22 March 2017
British Library Launches OCR Competition for Rare Indian Books
Calling all transcription enthusiasts! We’ve launched a competition to find an accurate and automated transcription solution for our rare Indian books and printed catalogue records, currently being digitised through the Two Centuries of Indian Print project.
The competition, in partnership with the University of Salford’s PRIMA Research Lab, is part of the International Conference on Document Analysis and Recognition, taking place in Kyoto, Japan this November. The winners will be announced at a special event during the conference.
Digitised images of the books will be made openly available through the library’s website and we hope this competition will produce transcriptions that enable full text search and discovery of this rich material. Sharing XML transcriptions will also give researchers the foundation to apply computational tools and methods such as text mining that may lead to new insights into book and publishing history in India.
Split into two challenges, those wishing to participate in the competition can enter either or both.

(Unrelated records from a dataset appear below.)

theorem mainTheorem10:
  fixes M \<Lambda> \<alpha> :: real and l :: nat
  assumes "\<Lambda> < 0" and "M > 0" and "l \<ge> 2"
    and "-pi \<le> \<alpha>" and "\<alpha> \<le> pi"
    and "tan \<alpha> = wl M l - 2 * M * \<Lambda> / ((real l - 1) * (real l + 2))"
  shows
    \<comment> \<open>Zerilli equation on the whole domain\<close>
    "(\<forall>t x. x < 0 \<longrightarrow>
        (\<forall>y<0. ((\<lambda>z. phiSol M \<Lambda> l t z) has_real_derivative
                   deriv (\<lambda>z. phiSol M \<Lambda> l t z) y) (at y))
      \<and> ((deriv (\<lambda>z. phiSol M \<Lambda> l t z)) has_real_derivative
           deriv (deriv (\<lambda>z. phiSol M \<Lambda> l t z)) x) (at x)
      \<and> (\<forall>s. ((\<lambda>\<tau>. phiSol M \<Lambda> l \<tau> x) has_real_derivative
                   deriv (\<lambda>\<tau>. phiSol M \<Lambda> l \<tau> x) s) (at s))
      \<and> ((deriv (\<lambda>\<tau>. phiSol M \<Lambda> l \<tau> x)) has_real_derivative
           deriv (deriv (\<lambda>\<tau>. phiSol M \<Lambda> l \<tau> x)) t) (at t)
      \<and> deriv (deriv (\<lambda>\<tau>. phiSol M \<Lambda> l \<tau> x)) t
          - deriv (deriv (\<lambda>z. phiSol M \<Lambda> l t z)) x
          + fSAdS M \<Lambda> (rOf M \<Lambda> x) * VZ M \<Lambda> l (rOf M \<Lambda> x) * phiSol M \<Lambda> l t x = 0)
   \<and> \<comment> \<open>L^2((-infinity,0), dr*) for every t\<close>
    (\<forall>t. set_borel_measurable lborel {..<0} (\<lambda>x. phiSol M \<Lambda> l t x)
        \<and> (\<lambda>x. (phiSol M \<Lambda> l t x)^2) integrable_on {..<0})
   \<and> \<comment> \<open>exponential growth in t of the L^2 norm\<close>
    (\<exists>c>0. \<exists>a>0. \<forall>t.
        sqrt (integral {..<0} (\<lambda>x. (phiSol M \<Lambda> l t x)^2)) = c * exp (a * t))
   \<and> \<comment> \<open>Robin boundary condition at r* = 0\<close>
    (\<forall>t. \<exists>b db. ((\<lambda>x. phiSol M \<Lambda> l t x) \<longlongrightarrow> b) (at_left 0)
        \<and> (deriv (\<lambda>x. phiSol M \<Lambda> l t x) \<longlongrightarrow> db) (at_left 0)
        \<and> db = tan \<alpha> * b)"
proof -
  interpret zerilli_mode M \<Lambda> l using assms by unfold_locales auto
  have "tan \<alpha> = w - 2 * M * \<Lambda> / \<mu>" using assms(6) unfolding mul_def by simp
  then show ?thesis
    using phiSol_has_derivative_space deriv_phiSol_space deriv_phiSol_space_has_derivative
      deriv2_phiSol_space phiSol_has_derivative_time deriv_phiSol_time_has_derivative
      deriv_phiSol_time deriv2_phiSol_time zerilli_equation borel_measurable_phiSol integrable_phiSol_sq
      L2_norm_phiSol_exponential_growth phiSol_robin_boundary
    by simp
qed

end
(* Let $\mathbb{F}$ be a field and let $q\in\mathbb{F}$ be a root of unity with $q\neq 1$; let $p\geq 2$ be the least positive integer with $q^p=1$. Let $\mathcal{H}$ be the unital associative $\mathbb{F}$-algebra generated by $A,B$ subject to $AB-qBA=I$, with $[f,g]=fg-gf$ and $\Lambda:=AB-BA$. Let $\mathcal{L}$ be the Lie subalgebra of $\mathcal{H}$ generated by $A,B$, and let $\mathcal{N}$ be the linear subspace spanned by all $B^m\Lambda^n$ and $\Lambda^nA^m$ with $m,n$ positive integers both congruent to $0$ modulo $p$. Then the sum $\mathcal{L}+\mathcal{N}$ is direct, i.e. $\mathcal{L}\cap\mathcal{N}=\{0\}$.
   Context: The elements $\Lambda^k$, $\Lambda^kA^l$, $B^l\Lambda^k$ ($k\geq 0$, $l\geq 1$ integers, $\Lambda^0=I$) form a basis of $\mathcal{H}$. *)

theory Defs
  imports Complex_Main
begin

definition is_falgebra :: "('f::field \<Rightarrow> 'h::ring_1 \<Rightarrow> 'h) \<Rightarrow> bool" where
  "is_falgebra sc \<longleftrightarrow> module sc \<and>
     (\<forall>c x y. sc c (x * y) = sc c x * y \<and> sc c (x * y) = x * sc c y)"

definition lie_subalgebra :: "('f::field \<Rightarrow> 'h::ring_1 \<Rightarrow> 'h) \<Rightarrow> 'h set \<Rightarrow> bool" where
  "lie_subalgebra sc S \<longleftrightarrow> module.subspace sc S \<and> (\<forall>x\<in>S. \<forall>y\<in>S. x * y - y * x \<in> S)"

definition lie_generated :: "('f::field \<Rightarrow> 'h::ring_1 \<Rightarrow> 'h) \<Rightarrow> 'h set \<Rightarrow> 'h set" where
  "lie_generated sc X = \<Inter>{S. X \<subseteq> S \<and> lie_subalgebra sc S}"

definition Lam :: "'h::ring_1 \<Rightarrow> 'h \<Rightarrow> 'h" where
  "Lam A B = A * B - B * A"

text \<open>The PBW-type basis: index (k,l) gives Lambda^k if l = 0, Lambda^k A^l if l > 0,
  and B^(-l) Lambda^k if l < 0.\<close>
definition hbasis :: "'h::ring_1 \<Rightarrow> 'h \<Rightarrow> nat \<times> int \<Rightarrow> 'h" where
  "hbasis A B i = (case i of (k, l) \<Rightarrow>
     if l = 0 then Lam A B ^ k
     else if l > 0 then Lam A B ^ k * A ^ nat l
     else B ^ nat (- l) * Lam A B ^ k)"

definition Nset :: "'h::ring_1 \<Rightarrow> 'h \<Rightarrow> nat \<Rightarrow> 'h set" where
  "Nset A B p = {B ^ m * Lam A B ^ n | m n. 0 < m \<and> 0 < n \<and> p dvd m \<and> p dvd n}
              \<union> {Lam A B ^ n * A ^ m | m n. 0 < m \<and> 0 < n \<and> p dvd m \<and> p dvd n}"

end

theory Submission
  imports Defs
begin

(* Let T be the linear map that fixes the basis vectors \<Lambda>^k A^l and B^l \<Lambda>^k with p dividing
   both k and l and kills all other basis vectors; T is the identity on N.  The relations
   A \<Lambda> = q \<Lambda> A and \<Lambda> B = q B \<Lambda> give explicit formulas for the commutators of the basis
   vectors with A and with B: each is a combination of basis vectors whose coefficients vanish,
   because q^p = 1, at the indices fixed by T.  Since x(yz) - (yz)x = [xy, z] + [zx, y], the
   elements y with T [x, y] = 0 for all x form a subalgebra; it contains A and B, hence is
   everything.  So ker T is a Lie subalgebra containing A and B, hence contains L, and
   L \<inter> N \<subseteq> ker T \<inter> {x. T x = x} = {0}. *)

lemma power_left_commute: "a ^ n * (a * x) = a * (a ^ n * x)" for a :: "'a::monoid_mult"
  by (simp flip: mult.assoc power_Suc power_Suc2)

lemma hbasis_nonneg: "hbasis A B (k, int l) = Lam A B ^ k * A ^ l"
  by (simp add: hbasis_def)

lemma hbasis_nonpos: "hbasis A B (k, - int m) = B ^ m * Lam A B ^ k"
  by (simp add: hbasis_def)

locale q_heisenberg =
  fixes A B Q :: "'a::ring_1"
  assumes Q_central: "Q * x = x * Q"
    and q_relation: "A * B - Q * (B * A) = 1"
begin

abbreviation \<Lambda> :: 'a where "\<Lambda> \<equiv> Lam A B"

lemma Q_power_central: "Q ^ n * x = x * Q ^ n"
  by (simp add: power_commuting_commutes Q_central)

lemma Q_power_left_commute: "x * (Q ^ n * y) = Q ^ n * (x * y)"
  by (metis Q_power_central mult.assoc)

lemma Q_left_commute: "x * (Q * y) = Q * (x * y)"
  using Q_power_left_commute[of x 1] by simp

(* Only instances: as a general rewrite rule, x * (Q * y) = Q * (x * y) loops on Q * (Q * y). *)
lemmas Q_left_commutes = power_left_commute[of Q]
  Q_left_commute[of A] Q_left_commute[of B] Q_left_commute[of \<Lambda>]
  Q_left_commute[of "A ^ m" for m] Q_left_commute[of "B ^ m" for m]
  Q_left_commute[of "\<Lambda> ^ m" for m]
  Q_power_left_commute[of A] Q_power_left_commute[of B] Q_power_left_commute[of \<Lambda>]
  Q_power_left_commute[of "A ^ m" for m] Q_power_left_commute[of "B ^ m" for m]
  Q_power_left_commute[of "\<Lambda> ^ m" for m]

lemma A_B_swap: "A * B = 1 + Q * (B * A)"
  using q_relation by (simp add: algebra_simps)

lemma A_B_swap_left: "A * (B * x) = x + Q * (B * (A * x))"
  by (simp add: A_B_swap algebra_simps flip: mult.assoc)

lemma Lam_eq: "\<Lambda> = 1 + (Q - 1) * (B * A)"
  by (simp add: Lam_def A_B_swap algebra_simps)

lemma A_Lam: "A * \<Lambda> = Q * (\<Lambda> * A)"
proof -
  have "A * \<Lambda> = A * (A * B) - (A * B) * A"
    by (simp add: Lam_def algebra_simps)
  also have "\<dots> = Q * (A * B * A) - Q * (B * A * A)"
    by (simp add: A_B_swap A_B_swap_left algebra_simps Q_left_commutes)
  also have "\<dots> = Q * (\<Lambda> * A)"
    by (simp add: Lam_def algebra_simps)
  finally show ?thesis .
qed

lemma Lam_B: "\<Lambda> * B = Q * (B * \<Lambda>)"
proof -
  have "\<Lambda> * B = (A * B) * B - B * (A * B)"
    by (simp add: Lam_def algebra_simps)
  also have "\<dots> = Q * (B * (A * B)) - Q * (B * (B * A))"
    by (simp add: A_B_swap A_B_swap_left algebra_simps Q_left_commutes)
  also have "\<dots> = Q * (B * \<Lambda>)"
    by (simp add: Lam_def algebra_simps)
  finally show ?thesis .
qed

lemma A_Lam_power: "A * \<Lambda> ^ k = Q ^ k * (\<Lambda> ^ k * A)"
proof (induction k)
  case (Suc k)
  have "A * \<Lambda> ^ Suc k = Q * (\<Lambda> * (A * \<Lambda> ^ k))"
    by (simp add: A_Lam Q_left_commutes flip: mult.assoc)
  also have "\<dots> = Q ^ Suc k * (\<Lambda> ^ Suc k * A)"
    by (simp add: Suc Q_left_commutes mult.assoc)
  finally show ?case .
qed simp

lemma Lam_power_B: "\<Lambda> ^ k * B = Q ^ k * (B * \<Lambda> ^ k)"
proof (induction k)
  case (Suc k)
  have "\<Lambda> ^ Suc k * B = \<Lambda> ^ k * (\<Lambda> * B)"
    by (simp only: power_Suc2 mult.assoc)
  also have "\<dots> = Q * (\<Lambda> ^ k * B * \<Lambda>)"
    by (simp add: Lam_B mult.assoc Q_left_commutes)
  also have "\<dots> = Q ^ Suc k * (B * \<Lambda> ^ Suc k)"
    by (simp add: Suc Q_left_commutes mult.assoc power_commutes)
  finally show ?case .
qed simp

lemma A_B_power: "(Q - 1) * (A * B ^ Suc n) = B ^ n * (Q ^ Suc n * \<Lambda> - 1)"
proof (induction n)
  case 0
  show ?case by (simp add: A_B_swap Lam_eq algebra_simps Q_left_commutes)
next
  case (Suc n)
  have "(Q - 1) * (A * B ^ Suc (Suc n)) = (Q - 1) * (A * B ^ Suc n) * B"
    by (simp only: power_Suc2[of B "Suc n"] mult.assoc)
  also have "\<dots> = B ^ n * (Q ^ Suc n * \<Lambda> - 1) * B"
    by (simp only: Suc)
  also have "\<dots> = B ^ n * (Q ^ Suc n * (\<Lambda> * B) - B)"
    by (simp add: algebra_simps)
  also have "\<dots> = B ^ Suc n * (Q ^ Suc (Suc n) * \<Lambda> - 1)"
    by (simp add: Lam_B algebra_simps Q_left_commutes power_left_commute power_commutes)
  finally show ?case .
qed

lemma A_power_B: "(Q - 1) * (A ^ Suc n * B) = (Q ^ Suc n * \<Lambda> - 1) * A ^ n"
proof (induction n)
  case 0
  show ?case by (simp add: A_B_swap Lam_eq algebra_simps Q_left_commutes)
next
  case (Suc n)
  have "(Q - 1) * (A ^ Suc (Suc n) * B) = A * ((Q - 1) * (A ^ Suc n * B))"
    by (simp add: algebra_simps Q_left_commutes)
  also have "\<dots> = A * ((Q ^ Suc n * \<Lambda> - 1) * A ^ n)"
    by (simp only: Suc)
  also have "\<dots> = (Q ^ Suc n * (A * \<Lambda>) - A) * A ^ n"
    by (simp add: algebra_simps Q_left_commutes)
  also have "\<dots> = (Q ^ Suc (Suc n) * \<Lambda> - 1) * A ^ Suc n"
    by (simp add: A_Lam algebra_simps Q_left_commutes)
  finally show ?case .
qed

lemma commutator_Lam_power_A_power_A:
  "\<Lambda> ^ k * A ^ l * A - A * (\<Lambda> ^ k * A ^ l) = (1 - Q ^ k) * (\<Lambda> ^ k * A ^ Suc l)"
proof -
  have "A * (\<Lambda> ^ k * A ^ l) = Q ^ k * (\<Lambda> ^ k * A ^ Suc l)"
    by (simp add: A_Lam_power flip: mult.assoc)
  then show ?thesis
    by (simp add: algebra_simps power_commutes)
qed

lemma commutator_B_power_Lam_power_B:
  "B ^ m * \<Lambda> ^ k * B - B * (B ^ m * \<Lambda> ^ k) = (Q ^ k - 1) * (B ^ Suc m * \<Lambda> ^ k)"
proof -
  have "B ^ m * \<Lambda> ^ k * B = Q ^ k * (B ^ m * B * \<Lambda> ^ k)"
    by (simp add: Lam_power_B mult.assoc Q_left_commutes)
  also have "\<dots> = Q ^ k * (B ^ Suc m * \<Lambda> ^ k)"
    by (simp only: power_Suc2)
  finally have "B ^ m * \<Lambda> ^ k * B = Q ^ k * (B ^ Suc m * \<Lambda> ^ k)" .
  then show ?thesis
    by (simp add: algebra_simps)
qed

lemma B_Lam_power_A: "(Q - 1) * (Q ^ k * (B * \<Lambda> ^ k * A)) = \<Lambda> ^ k * (\<Lambda> - 1)"
proof -
  have "(Q - 1) * (Q ^ k * (B * \<Lambda> ^ k * A)) = (Q - 1) * (\<Lambda> ^ k * B * A)"
    by (simp add: Lam_power_B mult.assoc)
  also have "\<dots> = \<Lambda> ^ k * ((Q - 1) * (B * A))"
    by (simp add: algebra_simps Q_left_commutes)
  finally show ?thesis
    by (simp add: Lam_eq)
qed

lemma commutator_Lam_power_A_power_B:
  "Q ^ k * (Q - 1) * (\<Lambda> ^ k * A ^ Suc n * B - B * (\<Lambda> ^ k * A ^ Suc n))
    = (Q ^ (k + Suc n) - 1) * (\<Lambda> ^ Suc k * A ^ n) + (1 - Q ^ k) * (\<Lambda> ^ k * A ^ n)"
proof -
  have "Q ^ k * (Q - 1) * (\<Lambda> ^ k * A ^ Suc n * B)
      = Q ^ k * (\<Lambda> ^ k * ((Q - 1) * (A ^ Suc n * B)))"
    by (simp add: algebra_simps Q_left_commutes)
  also have "\<dots> = Q ^ k * (\<Lambda> ^ k * ((Q ^ Suc n * \<Lambda> - 1) * A ^ n))"
    by (simp only: A_power_B)
  finally have left: "Q ^ k * (Q - 1) * (\<Lambda> ^ k * A ^ Suc n * B) = \<dots>" .
  have "Q ^ k * (Q - 1) * (B * (\<Lambda> ^ k * A ^ Suc n))
      = (Q - 1) * (Q ^ k * (B * \<Lambda> ^ k * A)) * A ^ n"
    by (simp add: algebra_simps Q_left_commutes)
  also have "\<dots> = \<Lambda> ^ k * (\<Lambda> - 1) * A ^ n"
    by (simp only: B_Lam_power_A)
  finally have right: "Q ^ k * (Q - 1) * (B * (\<Lambda> ^ k * A ^ Suc n)) = \<dots>" .
  have "Q ^ k * (Q - 1) * (\<Lambda> ^ k * A ^ Suc n * B - B * (\<Lambda> ^ k * A ^ Suc n))
      = Q ^ k * (\<Lambda> ^ k * ((Q ^ Suc n * \<Lambda> - 1) * A ^ n)) - \<Lambda> ^ k * (\<Lambda> - 1) * A ^ n"
    by (simp only: right_diff_distrib[of "Q ^ k * (Q - 1)"] left right)
  also have "\<dots> = (Q ^ (k + Suc n) - 1) * (\<Lambda> ^ Suc k * A ^ n) + (1 - Q ^ k) * (\<Lambda> ^ k * A ^ n)"
    by (simp add: algebra_simps Q_left_commutes power_add power_left_commute)
  finally show ?thesis .
qed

The first challenge is to find an automated transcription for the 19th century printed books written in Bengali script. Optical Character Recognition of many non-Latin scripts is a developing area, but still presents a considerable barrier for libraries and other cultural institutions hoping to open up their material for scholarly research.
Above: A page from 'Animal Biography', one of the Bengali books being digitised as part of Two Centuries of Indian Print (VT 1712)
Challenge number two involves our printed catalogue records, known as ‘Quarterly Lists’. These describe books published in India between 1867 and 1967. The lists are arranged in tables and therefore accurately representing the layout of the data is important if researchers are able to use computational methods to identify chunks of information such as the place of publication and cost of the book.
Above: A typical double page from the Quarterly Lists (SV 412/8)
With the competition now open, we’ve already gone some way to helping participants by manually transcribing a few pages to create ‘ground truth’ using PRIMA's editing tool, Aletheia. You can watch a video introducing the competition. So if you or anyone you know would like to enter, do please register and you could be contributing to this landmark project, and picking up an award for your troubles!